Without someone like Trump in the White House, I don’t think we would be where we are right now. But there is still a growing vocal contingent speaking out against liberal birthright citizenship. I would say there are three things going on. One, there is a global trend to make birthright citizenship less generous. I think it’s partly due to ethno-nationalism and the rise of populism. A second reason is we’ve seen a huge surge in immigration. A third reason is a lot of people have been freaking out since population projections started indicating that we were going to become a majority-minority nation by 2050. For some folks, that is uncomfortable and intolerable. It’s not their country, it’s our country.

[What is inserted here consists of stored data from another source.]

(* Let $a$ be a positive real number. For $n\ge1$ let $D_n(a,1)$ be the $n\times n$ matrix whose $(i,j)$ entry is $-a$ if $i=j$, $1$ if $j=i+1$, $a$ if $i=j+1$, $-1$ if $i=j+2$, and $0$ otherwise; set $d_{-1}=0$, $d_0=1$ and $d_n=|D_n(a,1)|$ for $n\ge1$. Let $E_n(a,1)$ be the $(n+1)\times n$ matrix whose $(i,j)$ entry is $-a$ if $i=j$, $1$ if $j=i+1$, $a$ if $i=j+1$, $-1$ if $i=j+2$, and $0$ otherwise, and for $1\le k\le n+1$ let $E_n^k(a,1)$ be obtained from $E_n(a,1)$ by deleting its $k$-th row. Then for $1\le k\le n+1$, $$|E_n^k(a,1)|=(-1)^{n-k+1}(d_{k-1}d_{n-k+1}-d_{k-2}d_{n-k}),$$ and for every $k\ge0$, $$d_k=\frac{1}{k!}\frac{d^k}{dx^k}\left(\frac{1}{1+ax+ax^2+x^3}\right)\Big|_{x=0}.$$ Moreover, if $x^3+ax^2+ax+1=0$ has three distinct (complex) solutions $\alpha,\beta,\gamma$, then for $k\ge1$ $$d_k=\frac{1}{\alpha^{k+1}(\alpha-\beta)(\gamma-\alpha)}+\frac{1}{\beta^{k+1}(\alpha-\beta)(\beta-\gamma)}+\frac{1}{\gamma^{k+1}(\gamma-\alpha)(\beta-\gamma)}.$$
   Context: $|M|$ denotes the determinant of a square matrix $M$. *)

theory Defs
  imports Complex_Main "HOL-Analysis.Derivative" "Jordan_Normal_Form.Determinant"
begin

definition band_entry :: "real \<Rightarrow> nat \<Rightarrow> nat \<Rightarrow> real" where
  "band_entry a i j =
     (if i = j then - a
      else if j = i + 1 then 1
      else if i = j + 1 then a
      else if i = j + 2 then -1
      else 0)"

(* D_n(a,1): n x n matrix (JNF matrices are 0-based, so shift indices by 1) *)
definition Dmat :: "real \<Rightarrow> nat \<Rightarrow> real mat" where
  "Dmat a n = mat n n (\<lambda>(i, j). band_entry a (i + 1) (j + 1))"

definition Emat :: "real \<Rightarrow> nat \<Rightarrow> real mat" where
  "Emat a n = mat (n + 1) n (\<lambda>(i, j). band_entry a (i + 1) (j + 1))"

(* delete the k-th row (1-based) of a matrix *)
definition delete_row :: "'a mat \<Rightarrow> nat \<Rightarrow> 'a mat" where
  "delete_row A k = mat (dim_row A - 1) (dim_col A)
      (\<lambda>(i, j). A $$ (if i + 1 < k then i else i + 1, j))"

definition Ekmat :: "real \<Rightarrow> nat \<Rightarrow> nat \<Rightarrow> real mat" where
  "Ekmat a n k = delete_row (Emat a n) k"

definition dseq :: "real \<Rightarrow> int \<Rightarrow> real" where
  "dseq a m = (if m < 0 then 0 else if m = 0 then 1 else det (Dmat a (nat m)))"

end

theory Submission
  imports Defs "HOL-Analysis.FPS_Convergence"
begin

text \<open>Deleting the \<open>k\<close>-th row of \<open>E\<^sub>n\<close> leaves two diagonal blocks, \<open>D\<^sub>k\<^sub>-\<^sub>1\<close> and
  the negated transpose of \<open>D\<^sub>n\<^sub>-\<^sub>k\<^sub>+\<^sub>1\<close>, coupled only by the two entries next to the
  diagonal where they meet; a row split and two one-entry expansions turn this into the product
  formula. For \<open>k = n\<close> it evaluates the cofactor in the expansion of \<open>D\<^sub>n\<^sub>+\<^sub>1\<close> along its last
  column, which gives \<open>d\<^sub>m\<^sub>+\<^sub>3 = -a d\<^sub>m\<^sub>+\<^sub>2 - a d\<^sub>m\<^sub>+\<^sub>1 - d\<^sub>m\<close> for all \<open>m \<ge> -2\<close>. Hence
  \<open>(1 + a x + a x\<^sup>2 + x\<^sup>3) \<Sum> d\<^sub>k x\<^sup>k = 1\<close>, which gives the Taylor coefficients; and the
  divided difference of \<open>x\<^sup>k\<^sup>+\<^sup>2\<close> at the reciprocals of the roots (again roots of the same
  palindromic cubic) obeys the same recurrence with the same initial values \<open>0, 0, 1\<close>.\<close>

section \<open>Determinants of block matrices\<close>

lemma det_expand_row_support:
  assumes A: "A \<in> carrier_mat n n" and r: "r < n" and S: "S \<subseteq> {..<n}"
    and zero: "\<And>j. j < n \<Longrightarrow> j \<notin> S \<Longrightarrow> A $$ (r, j) = 0"
  shows "det A = (\<Sum>j\<in>S. A $$ (r, j) * cofactor A r j)"
proof -
  have "det A = (\<Sum>j<n. A $$ (r, j) * cofactor A r j)"
    by (rule laplace_expansion_row[OF A r])
  also have "\<dots> = (\<Sum>j\<in>S. A $$ (r, j) * cofactor A r j)"
    by (rule sum.mono_neutral_right) (use S zero in auto)
  finally show ?thesis .
qed
definition path_law :: "'a measure \<Rightarrow> (int \<Rightarrow> 'a \<Rightarrow> real) \<Rightarrow> (int \<Rightarrow> 'a \<Rightarrow> real) \<Rightarrow> (int \<Rightarrow> real \<times> real) measure" where
  "path_law M Ya Yb = distr M path_space (joint_path Ya Yb)"

definition stationary_proc :: "'a measure \<Rightarrow> (int \<Rightarrow> 'a \<Rightarrow> real) \<Rightarrow> (int \<Rightarrow> 'a \<Rightarrow> real) \<Rightarrow> bool" where
  "stationary_proc M Ya Yb \<longleftrightarrow> distr (path_law M Ya Yb) path_space time_shift = path_law M Ya Yb"

definition ergodic_proc :: "'a measure \<Rightarrow> (int \<Rightarrow> 'a \<Rightarrow> real) \<Rightarrow> (int \<Rightarrow> 'a \<Rightarrow> real) \<Rightarrow> bool" where
  "ergodic_proc M Ya Yb \<longleftrightarrow>
     (\<forall>A\<in>sets path_space. time_shift -` A \<inter> space path_space = A \<longrightarrow>
        measure (path_law M Ya Yb) A = 0 \<or> measure (path_law M Ya Yb) A = 1)"

end

(* The QMLE minimises a sum over t of the contrast -Q_1t - Q_2t, and this contrast is one fixed
   function of the path of the process shifted by t.  Stationarity and ergodicity make the time shift
   an ergodic measure preserving map of path space, so Birkhoff's ergodic theorem (a consequence of
   the maximal ergodic lemma) turns time averages of integrable functions of the path into
   expectations.  Consistency then follows by Wald's argument: by continuity in the parameter and
   the domination (C1), the infimum of the contrast over a small ball around any parameter other
   than theta0 still has mean above the minimal mean of (C2); finitely many such balls cover the
   compact set of parameters away from theta0, and whenever the estimator lies in one of them some
   of finitely many ergodic averages deviates from its mean.  Measurability and continuity of the
   quasi-log-likelihood must be checked by hand, as the variance function is only controlled on the
   domain of the mean. *)

theory Submission
  imports Defs
begin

At the core of Trump’s attack on birthright citizenship is a centuries-old conflict over who gets to be an American citizen and who decides that. You co-authored a book titled American by Birth that covers some of that history in a context where anti-immigrant sentiment was also very prevalent. What is the importance of the Wong Kim Ark Supreme Court case for today’s debate?
Wong Kim Ark was born in the United States [to Chinese parents] in probably 1873 and always maintained an address in San Francisco. He was classified as a laborer. So, if he had been trying to come from China after 1882 he would not have been allowed in [under the Chinese Exclusion Act] if he had not been born here. He traveled with his family to China to find a bride and his parents stayed there. On return, he was not allowed to land. At this point, there were some US officials who wanted a test case about birthright citizenship. They were arguing that Wong Kim Ark was born to alien parents who were subjects of the Emperor of China and therefore he was not subject to the jurisdiction of the United States.
The Supreme Court rejected all those arguments and Justice Horace Gray wrote for a 6-2 majority that Wong Kim Ark was a citizen by birth. They read the 14th Amendment very simply and the exceptions very narrowly. What’s ironic is we like to love Justice [John Marshall] Harlan, who wrote the dissent in Plessy v. Ferguson that “there is no caste here, our Constitution is colorblind and neither knows nor tolerates classes among citizens.” But he dissented in Wong Kim Ark, saying the nation has a right to exclude a race that it considers unassimilable.
Trump’s executive order has already faced several legal challenges, with lower courts blocking its implementation. Do you anticipate that the Supreme Court might take up this case and, if so, how do you think the justices might rule?
I don’t see the Trump administration yet trying to make an argument that Wong Kim Ark should be overturned. But the argument that children of people who themselves broke the law to come here without the nation’s consent shouldn’t be birthright citizens scares me a little bit, given this current court. They tend, right now ,in these federal cases to say that it’s different because Wong Kim Ark’s parents were here with the permission of the United States. They were legally domiciled here. I could imagine the possibility, if [the justices] get really aggressive, that they would say there is a difference.
One thing that might slow things down is that in the current version of the Immigration and Nationality Act, the rule is the Wong Kim Ark rule. It’s reading the 14th Amendment very simply and the exceptions very narrowly. And Congress hasn’t changed that. They’ve proposed changes to birthright citizenship laws every Congress since 1993 and most of them don’t even get a hearing. This year, 40 people introduced an amendment to the INA that mirrors the language in Trump’s executive order, except it adds protections for children of non-citizens who are actively serving in the US armed forces. The court could simply say: Congress has spoken and the executive order doesn’t override it.